The plaintiffs also claim that younger couriers receive favorable starting times, overtime assignments, route assignments, production goals, discipline, and performance evaluations even though they may be less experienced than older couriers. The lead plaintiff in the case, Clausnitzer, further claims that as a result of the lawsuit, he has been targeted by FedEx managers, given unrealistic performance standards, and given new routes with early pickups and additional bulk stops.
The lawsuit is seeking loss of income and the value of fringe benefits, liquidated damages, pre-judgment interest, costs of litigation, and any other awards as the court sees to be just.

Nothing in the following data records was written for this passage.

(* Let $1\le p<\infty$, $N\ge2$, and let $T_1,\dots,T_N$ be unilateral pseudo-shifts $T_i=T_{f_i,\omega^{(i)}}$ on $\ell^p(\mathbb{N})$. Then $T_1,\dots,T_N$ are d-hypercyclic if and only if they possess a dense d-hypercyclic manifold.
   Context: $\{e_m\}$ is the canonical basis of $\ell^p(\mathbb{N})$ over $\mathbb{K}\in\{\mathbb{R},\mathbb{C}\}$. For a strictly increasing $f:\mathbb{N}\to\mathbb{N}$ with $f(1)>1$ and a bounded, nonzero sequence of scalars $\omega=(w_{f(m)})_{m\in\mathbb{N}}$, the unilateral pseudo-shift is $T_{f,\omega}(\sum_m\alpha_me_m)=\sum_mw_{f(m)}\alpha_{f(m)}e_m$. Operators $T_1,\dots,T_N$ on $X$ are d-hypercyclic if some $x$ (a d-hypercyclic vector) has $\{(T_1^nx,\dots,T_N^nx):n\ge0\}$ dense in $\oplus_{i=1}^NX$; a dense d-hypercyclic manifold is a dense linear subspace whose nonzero vectors are all d-hypercyclic vectors. *)

theory Defs
  imports "HOL-Analysis.Analysis"
begin

text \<open>Sequences are indexed by nat starting at 0 (index m here corresponds to m+1 in the paper).
  The scalar field is a complete real normed field, i.e. (up to isometric isomorphism) R or C.\<close>

definition lp_space :: "real \<Rightarrow> (nat \<Rightarrow> 'a::real_normed_field) set" where
  "lp_space p = {x. summable (\<lambda>m. norm (x m) powr p)}"

definition lp_norm :: "real \<Rightarrow> (nat \<Rightarrow> 'a::real_normed_field) \<Rightarrow> real" where
  "lp_norm p x = (\<Sum>m. norm (x m) powr p) powr (1 / p)"

definition pseudo_shift :: "(nat \<Rightarrow> nat) \<Rightarrow> (nat \<Rightarrow> 'a::real_normed_field)
    \<Rightarrow> (nat \<Rightarrow> 'a) \<Rightarrow> (nat \<Rightarrow> 'a)" where
  "pseudo_shift f w x = (\<lambda>m. w (f m) * x (f m))"

definition pseudo_shift_data :: "(nat \<Rightarrow> nat) \<Rightarrow> (nat \<Rightarrow> 'a::real_normed_field) \<Rightarrow> bool" where
  "pseudo_shift_data f w \<longleftrightarrow> strict_mono f \<and> f 0 > 0 \<and>
     bounded (range (\<lambda>m. w (f m))) \<and> (\<forall>m. w (f m) \<noteq> 0)"

text \<open>x is a d-hypercyclic vector for T_0,...,T_{N-1} on l^p: the orbit
  {(T_0^n x, ..., T_{N-1}^n x) : n} is dense in the N-fold direct sum of l^p
  (product topology = max of the l^p distances).\<close>
definition d_hypercyclic_vector ::
  "real \<Rightarrow> nat \<Rightarrow> (nat \<Rightarrow> (nat \<Rightarrow> 'a::real_normed_field) \<Rightarrow> (nat \<Rightarrow> 'a)) \<Rightarrow> (nat \<Rightarrow> 'a) \<Rightarrow> bool" where
  "d_hypercyclic_vector p N T x \<longleftrightarrow> x \<in> lp_space p \<and>
     (\<forall>y. (\<forall>i<N. y i \<in> lp_space p) \<longrightarrow>
        (\<forall>\<epsilon>>0. \<exists>n. \<forall>i<N. lp_norm p (\<lambda>m. (T i ^^ n) x m - y i m) < \<epsilon>))"

definition d_hypercyclic :: "real \<Rightarrow> nat \<Rightarrow> (nat \<Rightarrow> (nat \<Rightarrow> 'a::real_normed_field) \<Rightarrow> (nat \<Rightarrow> 'a)) \<Rightarrow> bool" where
  "d_hypercyclic p N T \<longleftrightarrow> (\<exists>x. d_hypercyclic_vector p N T x)"

definition dense_d_hypercyclic_manifold ::
  "real \<Rightarrow> nat \<Rightarrow> (nat \<Rightarrow> (nat \<Rightarrow> 'a::real_normed_field) \<Rightarrow> (nat \<Rightarrow> 'a)) \<Rightarrow> (nat \<Rightarrow> 'a) set \<Rightarrow> bool" where
  "dense_d_hypercyclic_manifold p N T M \<longleftrightarrow>
     M \<subseteq> lp_space p \<and> (\<lambda>m. 0) \<in> M \<and>
     (\<forall>x\<in>M. \<forall>y\<in>M. (\<lambda>m. x m + y m) \<in> M) \<and>
     (\<forall>c. \<forall>x\<in>M. (\<lambda>m. c * x m) \<in> M) \<and>
     (\<forall>y\<in>lp_space p. \<forall>\<epsilon>>0. \<exists>x\<in>M. lp_norm p (\<lambda>m. x m - y m) < \<epsilon>) \<and>
     (\<forall>x\<in>M. x \<noteq> (\<lambda>m. 0) \<longrightarrow> d_hypercyclic_vector p N T x)"

end

theory Submission
  imports Defs
begin
lemma right_ideal_free_ultrafilters: "right_ideal free_ultrafilters"
  unfolding right_ideal_def
proof (intro ballI)
  fix a b assume a: "a \<in> free_ultrafilters" and b: "b \<in> betaN"
  have "{k..} \<subseteq> shift {k..} n" for k n by (auto simp: shift_def)
  then have "shift_set a {k..} = UNIV" for k
    using a ultrafilter_mono[of a "{k..}"] unfolding shift_set_def free_ultrafilters_def by auto
  then show "uplus a b \<in> free_ultrafilters"
    using a b uplus_ultrafilter ultrafilter_UNIV
    unfolding free_ultrafilters_def by (simp add: mem_uplus_iff)
qed

lemma exists_minimal_idempotent: "\<exists>e. minimal_idempotent e"
proof -
  obtain R where R: "R \<subseteq> free_ultrafilters" "closed_betaN R" "R \<noteq> {}" "right_ideal R"
    and R_min: "\<And>X. X \<subseteq> R \<Longrightarrow> closed_betaN X \<Longrightarrow> X \<noteq> {} \<Longrightarrow> right_ideal X \<Longrightarrow> X = R"
  proof (rule closed_betaN_minimal[where P = right_ideal, OF closed_betaN_free_ultrafilters
        free_ultrafilters_nonempty right_ideal_free_ultrafilters])
    fix \<C> :: "nat set set set set"
    assume "\<And>X. X \<in> \<C> \<Longrightarrow> closed_betaN X \<and> X \<noteq> {} \<and> right_ideal X"
    then show "right_ideal (\<Inter>\<C>)" unfolding right_ideal_def by blast
  qed (rule that)
  have "\<forall>a\<in>R. \<forall>b\<in>R. uplus a b \<in> R"
    using R(2,4) unfolding right_ideal_def closed_betaN_def by blast
  then obtain e where e: "e \<in> R" "uplus e e = e"
    using closed_subsemigroup_idempotent R(2,3) by blast
  have "ultrafilter_nat e" using R(2) e(1) closed_betaN_ultrafilter by blast
  moreover have "e \<in> smallest_ideal"
    using minimal_right_ideal_subset_smallest_ideal[OF R(2,4) R_min] e(1) by blast
  moreover have "nonprincipal e"
    unfolding nonprincipal_def
  proof (intro allI notI)
    fix n assume "{n} \<in> e"
    moreover have "{Suc n..} \<in> e" using R(1) e(1) unfolding free_ultrafilters_def by blast
    ultimately show False using ultrafilter_Int_nonempty[OF \<open>ultrafilter_nat e\<close>] by force
  qed
  ultimately show ?thesis
    unfolding minimal_idempotent_def using e(2) by auto
qed

lemma minimal_idempotentD:
  "minimal_idempotent p \<Longrightarrow> ultrafilter_nat p"
  "minimal_idempotent p \<Longrightarrow> uplus p p = p"
  unfolding minimal_idempotent_def by auto

lemma idempotent_multiples:
  assumes p: "ultrafilter_nat p" and pp: "uplus p p = p" and m: "m \<ge> 1"
  shows "{x. m dvd x} \<in> p"
proof -
  obtain j where "j < m" and j: "{x. x mod m = j} \<in> p"
    using ultrafilter_residue_class[OF p m] .
  then have "shift_set p {x. x mod m = j} \<in> p"
    using pp mem_uplus_iff by metis
  moreover have "shift_set p {x. x mod m = j} \<subseteq> {x. m dvd x}"
  proof
    fix n assume "n \<in> shift_set p {x. x mod m = j}"
    then have "shift {x. x mod m = j} n \<inter> {x. x mod m = j} \<noteq> {}"
      using j ultrafilter_Int_nonempty[OF p] unfolding shift_set_def by blast
    then obtain x where "x mod m = (x + n) mod m" unfolding shift_def by auto
    then show "n \<in> {x. m dvd x}" using mod_eq_dvd_iff_nat[of x "x + n" m] by simp
  qed
  ultimately show ?thesis using ultrafilter_mono[OF p] by blast
qed

section \<open>Dilations of minimal idempotents\<close>

definition uf_map :: "(nat \<Rightarrow> nat) \<Rightarrow> nat set set \<Rightarrow> nat set set" where
  "uf_map f p = {B. f -` B \<in> p}"

lemma ultrafilter_uf_map:
  assumes p: "ultrafilter_nat p"
  shows "ultrafilter_nat (uf_map f p)"
  unfolding ultrafilter_nat_def uf_map_def
  using ultrafilter_UNIV[OF p] ultrafilter_empty[OF p] ultrafilter_Int[OF p]
    ultrafilter_Compl_iff[OF p]
  by (auto simp: vimage_Compl intro: ultrafilter_mono[OF p _ vimage_mono])

lemma uf_map_surj:
  assumes f: "inj f" and q: "ultrafilter_nat q" and range: "range f \<in> q"
  obtains w where "ultrafilter_nat w" "uf_map f w = q"
proof
  let ?w = "{B. f ` B \<in> q}"
  show "ultrafilter_nat ?w"
    unfolding ultrafilter_nat_def
  proof (intro conjI allI impI; simp)
    show "range f \<in> q" "{} \<notin> q" using range ultrafilter_empty[OF q] by auto
    show "f ` B \<in> q" if "f ` A \<in> q \<and> A \<subseteq> B" for A B
      using that ultrafilter_mono[OF q] by blast
    show "f ` (A \<inter> B) \<in> q" if "f ` A \<in> q \<and> f ` B \<in> q" for A B
      using that ultrafilter_Int[OF q] by (simp add: image_Int[OF f])
    show "f ` A \<in> q \<or> f ` (- A) \<in> q" for A
    proof (rule disjCI)
      assume "f ` (- A) \<notin> q"
      moreover have "f ` (- A) = range f \<inter> - f ` A"
        using f by (auto simp: Compl_eq_Diff_UNIV image_set_diff)
      ultimately show "f ` A \<in> q"
        using range ultrafilter_Int[OF q] ultrafilter_Compl_iff[OF q] by metis
    qed
  qed
  have "f ` (f -` B) = B \<inter> range f" for B by auto
  then show "uf_map f ?w = q"
    unfolding uf_map_def using range ultrafilter_Int_iff[OF q] by auto
qed

lemma uf_map_mult_uplus:
  "uf_map ((*) a) (uplus p q) = uplus (uf_map ((*) a) p) (uf_map ((*) a) q)"
  unfolding uf_map_def uplus_def shift_def by (simp add: vimage_def distrib_left)

lemma multiples_in_translate:
  assumes q: "ultrafilter_nat q" and a: "a \<ge> 1"
  obtains c where "{x. a dvd x} \<in> uplus q (principal c)"
proof -
  obtain j where j: "j < a" "{x. x mod a = j} \<in> q"
    using ultrafilter_residue_class[OF q a] .
  have "{x. x mod a = j} \<subseteq> shift {x. a dvd x} (a - j)"
  proof
    fix x assume "x \<in> {x. x mod a = j}"
    then have "a * (x div a) + j = x" using mult_div_mod_eq[of a x] by simp
    then have "x + (a - j) = a * (x div a + 1)"
      using j(1) by (simp only: distrib_left mult_1_right)
    then show "x \<in> shift {x. a dvd x} (a - j)" unfolding shift_def by simp
  qed
  then show thesis
    using that[of "a - j"] ultrafilter_mono[OF q j(2)] by (simp add: uplus_principal)
qed
(* Let $M_t=M_{y(t)}$, $y(t)=e^{i\theta(t)}$, $\theta(0)=\theta_0$, be the (ancient) spherical mean curvature flow of isoparametric hypersurfaces in $S^{n+1}$ with $g$ distinct principal curvatures, and let $A(t)$, $H(t)$ be the shape operator and (scalar) mean curvature of $M_t$ in $S^{n+1}$. Then $$\lim_{t\to-\infty}\|A(t)\|^2=(g-1)n.$$ If $M_0$ is not minimal, then $$\lim_{t\to-\infty}H^2(t)\,e^{-2gnt}=C_0,\qquad C_0=\frac{n^2(\cos g\theta_0+\delta)^2}{1-\delta^2}>0.$$
   Context: Let $M^n$ be a compact isoparametric hypersurface in the unit sphere $S^{n+1}\subset\mathbb{R}^{n+2}$ (constant principal curvatures) with $g$ distinct principal curvatures; then $g\in\{1,2,3,4,6\}$. Fix $x_0\in M$ and identify the 2-dimensional normal space $\nu_{x_0}M$ of $M$ in $\mathbb{R}^{n+2}$ with $\mathbb{C}$ so that the two focal submanifolds $M_+$, $M_-$ ($\dim M_+\le\dim M_-$) meet the normal circle at $1$ and $e^{i\pi/g}$ (the intersection points closest to $x_0$). The Weyl chamber is $C=\{re^{i\theta}:r>0,\ 0<\theta<\pi/g\}$. For $k=1,\dots,g$ let $\theta_k=k\pi/g-\pi/2$, $\alpha_k=e^{i\theta_k}$, and $m_k=m_1$ for $k$ odd, $m_k=m_2$ for $k$ even, where $(m_1,m_2)$, $m_1\le m_2$, is the multiplicity data of the principal curvatures; $m_1=m_2$ if $g$ is odd, and $(m_1+m_2)g=2n$. For $x\in C$, $M_x=\{p+\tilde\xi(p):p\in M\}$ where $\tilde\xi$ is the parallel normal field on $M$ with $\tilde\xi(x_0)=x-x_0$; it is an $n$-dimensional isoparametric submanifold of $\mathbb{R}^{n+2}$ lying in $S^{n+1}(|x|)$, with normal space $\nu_{x_0}M$ at $x$, and $T_xM_x=\oplus_kE_k$, $\dim E_k=m_k$, with Euclidean shape operator $A_\xi|_{E_k}=\langle\xi,-\alpha_k/\langle x,\alpha_k\rangle\rangle\mathrm{Id}$ ($\langle\cdot,\cdot\rangle$ the real inner product on $\mathbb{C}=\mathbb{R}^2$). $H^E(x),A^E(x)$ denote mean curvature vector and shape operator of $M_x$ at $x$ in $\mathbb{R}^{n+2}$; $H^S(x),A^S(x)$ those of $M_x$ as a hypersurface of $S^{n+1}(|x|)$; $\|A\|^2$ is the sum of squared Hilbert–Schmidt norms over an orthonormal normal basis. Set $\delta=(m_2-m_1)/(m_2+m_1)$ if $g\ge2$ and $\delta=0$ if $g=1$, and let $\theta_{\min}\in(0,\pi/g)$ be defined by $\cos g\theta_{\min}=-\delta$. The spherical MCF of $M_{y(0)}$ is the family $M_{y(t)}$ with $y(t)\in C$ unit and $y'(t)=H^S(y(t))$; it exists for all $t\le 0$. In the claim $A(t)=A^S(y(t))$ and $H^2(t)=\|H^S(y(t))\|^2$. *)

theory Defs
  imports "HOL-Analysis.Analysis"
begin

text \<open>The normal plane of M at x0 is identified with the complex plane (as a real inner
  product space, inner product = real part of x * cnj y). All geometric quantities of the
  isoparametric submanifold M_x at x are expressed through the given data: the curvature
  normals alpha_k and the multiplicities m_k of the curvature distributions E_k.\<close>

definition iso_admissible :: "nat \<Rightarrow> nat \<Rightarrow> nat \<Rightarrow> nat \<Rightarrow> bool" where
  "iso_admissible g m1 m2 n \<longleftrightarrow> g \<in> {1,2,3,4,6} \<and> 1 \<le> m1 \<and> m1 \<le> m2 \<and>
     (odd g \<longrightarrow> m1 = m2) \<and> (m1 + m2) * g = 2 * n"

definition alpha :: "nat \<Rightarrow> nat \<Rightarrow> complex" where
  "alpha g k = cis (real k * pi / real g - pi / 2)"

definition mult :: "nat \<Rightarrow> nat \<Rightarrow> nat \<Rightarrow> nat" where
  "mult m1 m2 k = (if odd k then m1 else m2)"

definition weyl_chamber :: "nat \<Rightarrow> complex set" where
  "weyl_chamber g = {complex_of_real r * cis \<theta> | r \<theta>. r > 0 \<and> 0 < \<theta> \<and> \<theta> < pi / real g}"

definition delta :: "nat \<Rightarrow> nat \<Rightarrow> nat \<Rightarrow> real" where
  "delta g m1 m2 = (if g \<ge> 2 then (real m2 - real m1) / (real m2 + real m1) else 0)"

text \<open>Eigenvalue of the Euclidean shape operator A_xi of M_x at x on E_k.\<close>
definition shapeE :: "nat \<Rightarrow> complex \<Rightarrow> complex \<Rightarrow> nat \<Rightarrow> real" where
  "shapeE g x \<xi> k = \<xi> \<bullet> (- alpha g k / complex_of_real (x \<bullet> alpha g k))"

text \<open>Euclidean mean curvature vector H^E(x) (trace of xi |-> A_xi, as a normal vector).\<close>
definition HE :: "nat \<Rightarrow> nat \<Rightarrow> nat \<Rightarrow> complex \<Rightarrow> complex" where
  "HE g m1 m2 x = (\<Sum>k=1..g. of_nat (mult m1 m2 k) * (- alpha g k / complex_of_real (x \<bullet> alpha g k)))"

text \<open>Spherical mean curvature vector: component of H^E tangent to the sphere S^{n+1}(|x|),
  i.e. orthogonal to the position vector x.\<close>
definition HS :: "nat \<Rightarrow> nat \<Rightarrow> nat \<Rightarrow> complex \<Rightarrow> complex" where
  "HS g m1 m2 x = HE g m1 m2 x - (HE g m1 m2 x \<bullet> sgn x) *\<^sub>R sgn x"

text \<open>Unit normal of M_x in the sphere S^{n+1}(|x|) at x.\<close>
definition nuS :: "complex \<Rightarrow> complex" where
  "nuS x = \<i> * sgn x"

text \<open>Squared norm of the spherical shape operator A^S(x) = A^E_{nuS x}.\<close>
definition AS_normsq :: "nat \<Rightarrow> nat \<Rightarrow> nat \<Rightarrow> complex \<Rightarrow> real" where
  "AS_normsq g m1 m2 x = (\<Sum>k=1..g. real (mult m1 m2 k) * (shapeE g x (nuS x) k)\<^sup>2)"

end
theorem proposition2p11:
  fixes T :: rtree
  shows "P T (1::int) 1 = int (card {A. maximal_antichain T A})
    \<and> (\<forall>x :: 'a :: comm_ring_1. P T x 0 = x ^ card (leaves T))
    \<and> P T (0::int) 1 = int (card {A. maximal_antichain T A \<and> A \<inter> leaves T = {}})
    \<and> P T (2::int) 1 = int (card {A. antichain T A})
    \<and> P T (1::int) 2 = int (card {C. cutset T C})
    \<and> P T (2::int) 2 = 2 ^ card (verts T)"
  by (intro conjI allI P_1_1_eq_card_maximal_antichains P_x_0_eq_power_card_leaves P_0_1_eq_card_leafless_maximal_antichains P_2_1_eq_card_antichains P_1_2_eq_card_cutsets P_2_2_eq_power_card_verts)

end
text \<open>Unlike the definition of \<^const>\<open>hom_poly\<close>, this rule allows repeated exponent vectors.\<close>
lemma hom_polyI:
  fixes e :: "'b \<Rightarrow> 'i::finite \<Rightarrow> nat"
  assumes B: "finite B" and deg: "\<And>b. b \<in> B \<Longrightarrow> c b \<noteq> 0 \<Longrightarrow> sum (e b) UNIV = k"
    and f: "\<And>\<xi>. f \<xi> = (\<Sum>b\<in>B. c b * monomial (e b) \<xi>)"
  shows "hom_poly k f"
proof -
  define B' where "B' = {b\<in>B. c b \<noteq> 0}"
  have fB': "finite B'" using B by (simp add: B'_def)
  define c' where "c' a = (\<Sum>b\<in>{b\<in>B'. e b = a}. c b)" for a
  have "f \<xi> = (\<Sum>a\<in>e ` B'. c' a * monomial a \<xi>)" for \<xi>
  proof -
    have "f \<xi> = (\<Sum>b\<in>B'. c b * monomial (e b) \<xi>)"
      unfolding f B'_def using B by (intro sum.mono_neutral_cong_right) auto
    also have "\<dots> = (\<Sum>a\<in>e ` B'. \<Sum>b\<in>{b\<in>B'. e b = a}. c b * monomial (e b) \<xi>)"
      using fB' by (rule sum.image_gen)
    also have "\<dots> = (\<Sum>a\<in>e ` B'. c' a * monomial a \<xi>)"
      unfolding c'_def sum_distrib_right by (intro sum.cong refl) auto
    finally show ?thesis .
  qed
  moreover have "\<forall>a\<in>e ` B'. sum a UNIV = k" using deg by (auto simp: B'_def)
  ultimately show ?thesis unfolding hom_poly_def monomial_def using fB'
    by (intro exI[of _ "e ` B'"] exI[of _ c']) auto
qed

lemma monomial_split: "monomial a \<xi> = \<xi> $ j ^ a j * (\<Prod>i\<in>UNIV-{j}. (\<xi> $ i) ^ a i)"
  unfolding monomial_def by (simp add: prod.remove)

lemma monomial_add_unit_exp: "monomial (\<lambda>i. a i + unit_exp l i) \<xi> = \<xi> $ l * monomial a \<xi>"
proof -
  have "(\<Prod>i\<in>UNIV-{l}. (\<xi> $ i) ^ (a i + unit_exp l i)) = (\<Prod>i\<in>UNIV-{l}. (\<xi> $ i) ^ a i)"
    by (intro prod.cong) (auto simp: unit_exp_def)
  then show ?thesis unfolding monomial_split[of _ _ l] by (simp add: unit_exp_def)
qed

lemma monomial_diff_unit_exp:
  "monomial (\<lambda>i. a i - unit_exp j i) \<xi> = \<xi> $ j ^ (a j - 1) * (\<Prod>i\<in>UNIV-{j}. (\<xi> $ i) ^ a i)"
  unfolding monomial_split[of _ _ j] by (auto simp: unit_exp_def intro!: prod.cong)

lemma has_real_derivative_monomial:
  "((\<lambda>h. monomial a (\<xi> + h *\<^sub>R axis j 1)) has_real_derivative
     real (a j) * monomial (\<lambda>i. a i - unit_exp j i) \<xi>) (at 0)"
proof -
  define P where "P = (\<Prod>i\<in>UNIV-{j}. (\<xi> $ i) ^ a i)"
  have "monomial a (\<xi> + h *\<^sub>R axis j 1) = (\<xi> $ j + h) ^ a j * P" for h
  proof -
    have "(\<Prod>i\<in>UNIV-{j}. ((\<xi> + h *\<^sub>R axis j 1) $ i) ^ a i) = P"
      unfolding P_def by (intro prod.cong) (auto simp: axis_def)
    then show ?thesis unfolding monomial_split[of _ _ j] by (simp add: axis_def)
  qed
  moreover have "((\<lambda>h. (\<xi> $ j + h) ^ a j * P) has_real_derivative
                  real (a j) * (\<xi> $ j + 0) ^ (a j - 1) * 1 * P) (at 0)"
    by (intro derivative_eq_intros) auto
  ultimately show ?thesis by (simp add: monomial_diff_unit_exp P_def mult.assoc)
qed

lemma partial_monomial_sum:
  assumes "finite B" "\<And>\<xi>. f \<xi> = (\<Sum>b\<in>B. c b * monomial (e b) \<xi>)"
  shows "partial f j = (\<lambda>\<xi>. \<Sum>b\<in>B. (c b * real (e b j)) * monomial (\<lambda>i. e b i - unit_exp j i) \<xi>)"
proof
  fix \<xi>
  have "((\<lambda>h. f (\<xi> + h *\<^sub>R axis j 1)) has_real_derivative
          (\<Sum>b\<in>B. (c b * real (e b j)) * monomial (\<lambda>i. e b i - unit_exp j i) \<xi>)) (at 0)"
    unfolding assms(2) mult.assoc using assms(1)
    by (intro DERIV_sum DERIV_cmult has_real_derivative_monomial)
  then show "partial f j \<xi> = (\<Sum>b\<in>B. (c b * real (e b j)) * monomial (\<lambda>i. e b i - unit_exp j i) \<xi>)"
    by (simp add: partial_def DERIV_imp_deriv)
qed

lemma sum_diff_unit_exp:
  assumes "1 \<le> (a::'i::finite \<Rightarrow> nat) j"
  shows "sum (\<lambda>i. a i - unit_exp j i) UNIV = sum a UNIV - 1"
proof -
  have "sum (\<lambda>i. a i - unit_exp j i) UNIV = (a j - 1) + sum (\<lambda>i. a i - unit_exp j i) (UNIV - {j})"
    by (subst sum.remove[of UNIV j]) (auto simp: unit_exp_def)
  also have "sum (\<lambda>i. a i - unit_exp j i) (UNIV - {j}) = sum a (UNIV - {j})"
    by (intro sum.cong) (auto simp: unit_exp_def)
  also have "sum a UNIV = a j + sum a (UNIV - {j})" by (simp add: sum.remove)
  ultimately show ?thesis using assms by simp
qed

lemma hom_poly_partial: "hom_poly k f \<Longrightarrow> hom_poly (k - 1) (partial f j)"
proof (erule hom_polyE)
  fix A c
  assume A: "finite A" "\<And>a. a \<in> A \<Longrightarrow> sum a UNIV = k" "\<And>\<xi>. f \<xi> = (\<Sum>a\<in>A. c a * monomial a \<xi>)"
  show "hom_poly (k - 1) (partial f j)"
  proof (rule hom_polyI[OF A(1)])
    fix a assume "a \<in> A" "c a * real (a j) \<noteq> 0"
    then show "sum (\<lambda>i. a i - unit_exp j i) UNIV = k - 1"
      using A(2) sum_diff_unit_exp[of a j] by simp
  qed (simp add: partial_monomial_sum[OF A(1) A(3)])
qed

lemma coord_mult_partial_monomial:
  "\<xi> $ l * (real (a l) * monomial (\<lambda>i. a i - unit_exp l i) \<xi>) = real (a l) * monomial a \<xi>"
proof (cases "a l")
  case (Suc d)
  then show ?thesis
    by (simp add: monomial_diff_unit_exp monomial_split[of a _ l] mult_ac)
qed simp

The Age Discrimination in Employment Act (ADEA) of 1967 protects individuals who are 40 years of age or older from discrimination. According to the U.S. Equal Employment Opportunity Commission (EEOC) it is illegal to discriminate against people over the age of 40 in any aspect of employment. This includes:
- Hiring and firing;
- Compensation or classification of employees;
- Job advertisements;
- Pay, retirement plans, fringe benefits and disability leave; or
- Use of company facilities.
Federal Express has been in trouble in the past for discrimination and retaliation against employees. In one case, FedEx was ordered back in 2004 to pay $1.57 million to a 21-year employee after he was the victim of workplace discrimination. Furthermore, the plaintiff also noted that when he filed his complaint, company managers retaliated against him, including offering him an ultimatum: he could either accept a demotion, including a drop of five pay grade levels, or be issued a warning letter with the understanding that he could be immediately terminated for any further mistakes.
In another discrimination case against Federal Express, a woman was awarded $2.5 million in punitive damages, $350,000 for compensatory damages, and $391,400 in back pay and front pay. The lawsuit claimed that the woman was subjected to sex discrimination and that after some made complaints about work-place hostility the brakes to her truck were sabotaged and she suffered other forms of retaliation.
People who are subjected to age discrimination who file lawsuits may receive relief in the form of back pay, hiring, reinstatement, front pay, or actions to make the individual "whole" (meaning that the individual is in the condition he or she would have been in if not for the discriminatory act). Compensatory and punitive damages may also be awarded.